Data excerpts
(* There exists a constant $C_0$ such that for every $m,\ell\ge1$, every choice of $\sigma_1\ge\sigma_2\ge\dots\ge\sigma_m\ge0$, $\rho_1\ge\rho_2\ge\dots\ge\rho_\ell>0$, $b_1,\dots,b_m>0$, $c_1,\dots,c_\ell>0$, every $1\le k\le m$, and both choices of sign, \[ \Bigl|\int_0^{\sqrt{\rho_\ell}}e^{\frac12i\lambda^2}e^{\pm i\sum_{j=1}^mb_j\sqrt{\lambda^2+\sigma_j}}\exp\Bigl(-\sum_{i=1}^\ell c_i\sqrt{\rho_i-\lambda^2}\Bigr)\frac{\lambda}{\sqrt{\lambda^2+\sigma_k}}\,d\lambda\Bigr|\le C_0\min\Bigl[(1+\sigma_1+\rho_\ell)^{1/4},\ m^{3/2}b_k^{-1}\max_{1\le j\le m}b_j\Bigr]. \] *)

theory Defs
  imports "HOL-Analysis.Analysis"
begin

end

theory Submission
  imports Defs
begin

(*
  Write the integrand as exp(i phi) A w, where A x = exp(-sum_i c_i sqrt(rho_i - x^2)) is
  increasing with values in (0, 1], w x = x / sqrt(x^2 + sigma_k) <= 1, and the phase
  phi x = x^2/2 + s sum_j b_j sqrt(x^2 + sigma_j) has derivative x q(x), where
  q x = 1 + s G(x^2) and G u = sum_j b_j / sqrt(u + sigma_j).

  On an interval where |q| >= eta, dividing by phi' and peeling off the monotone factors A,
  1/sqrt(x^2 + sigma_k) and 1/q with the second mean value theorem bounds the integral by
  32 M / eta, where M bounds 1/sqrt(x^2 + sigma_k). For s = 1 we have q >= 1 everywhere.
  For s = -1, q = 1 - G is increasing and |q| < eta only on a window [p, p']. As G is convex,
  (p'^2 - p^2) (-G'(p'^2)) <= G(p^2) - G(p'^2) <= 2 eta, so the window is short and the trivial
  estimate suffices there. Lower bounds for -G' where G >= 1/2, in terms of 1 + sigma_1 + rho_l
  or in terms of m and max_j b_j, give the two terms of the minimum after choosing eta.
*)

lemma monotone_mult_integral_bound:
  fixes f g :: "real \<Rightarrow> real"
  assumes f: "\<And>s t. a \<le> s \<Longrightarrow> s \<le> t \<Longrightarrow> t \<le> b \<Longrightarrow>
      f integrable_on {s..t} \<and> \<bar>integral {s..t} f\<bar> \<le> K"
    and g: "mono_on {a..b} g \<or> antimono_on {a..b} g"
    and g_bound: "\<And>x. x \<in> {a..b} \<Longrightarrow> \<bar>g x\<bar> \<le> M"
    and st: "a \<le> s" "s \<le> t" "t \<le> b"
  shows "(\<lambda>x. g x * f x) integrable_on {s..t} \<and> \<bar>integral {s..t} (\<lambda>x. g x * f x)\<bar> \<le> 2 * M * K"
proof -
  have mono_case: "(\<lambda>x. g' x * f x) integrable_on {s..t} \<and>
      \<bar>integral {s..t} (\<lambda>x. g' x * f x)\<bar> \<le> 2 * M * K"
    if g': "mono_on {a..b} g'" "\<And>x. x \<in> {a..b} \<Longrightarrow> \<bar>g' x\<bar> \<le> M" for g'
  proof -
    have "g' x \<le> g' y" if "s \<le> x" "x \<le> y" "y \<le> t" for x y
      using g'(1) that st by (auto intro: mono_onD)
    then obtain c where c: "c \<in> {s..t}" and I:
      "((\<lambda>x. g' x * f x) has_integral g' s * integral {s..c} f + g' t * integral {c..t} f) {s..t}"
      using second_mean_value_theorem_full[of f s t g'] f[OF st] st by blast
    have "\<bar>g' s * integral {s..c} f\<bar> \<le> M * K" "\<bar>g' t * integral {c..t} f\<bar> \<le> M * K"
      unfolding abs_mult using g'(2)[of s] g'(2)[of t] f[of s c] f[of c t] c st
      by (auto intro!: mult_mono)
    with I show ?thesis by (auto simp: integral_unique)
  qed
  from g show ?thesis
  proof
    assume "antimono_on {a..b} g"
    then have "mono_on {a..b} (\<lambda>x. - g x)" by (auto simp: monotone_on_def)
    with mono_case[of "\<lambda>x. - g x"] g_bound show ?thesis
      by (simp add: integrable_neg_iff)
  qed (use mono_case g_bound in blast)
qed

▶ **Problem to solve**: Output exactly, and only, the lines running from the one that contains "g_bound show ?thesis" through the last line of the entries above.

▶ **Exercise result**:
    with mono_case[of "\<lambda>x. - g x"] g_bound show ?thesis
      by (simp add: integrable_neg_iff)
  qed (use mono_case g_bound in blast)
qed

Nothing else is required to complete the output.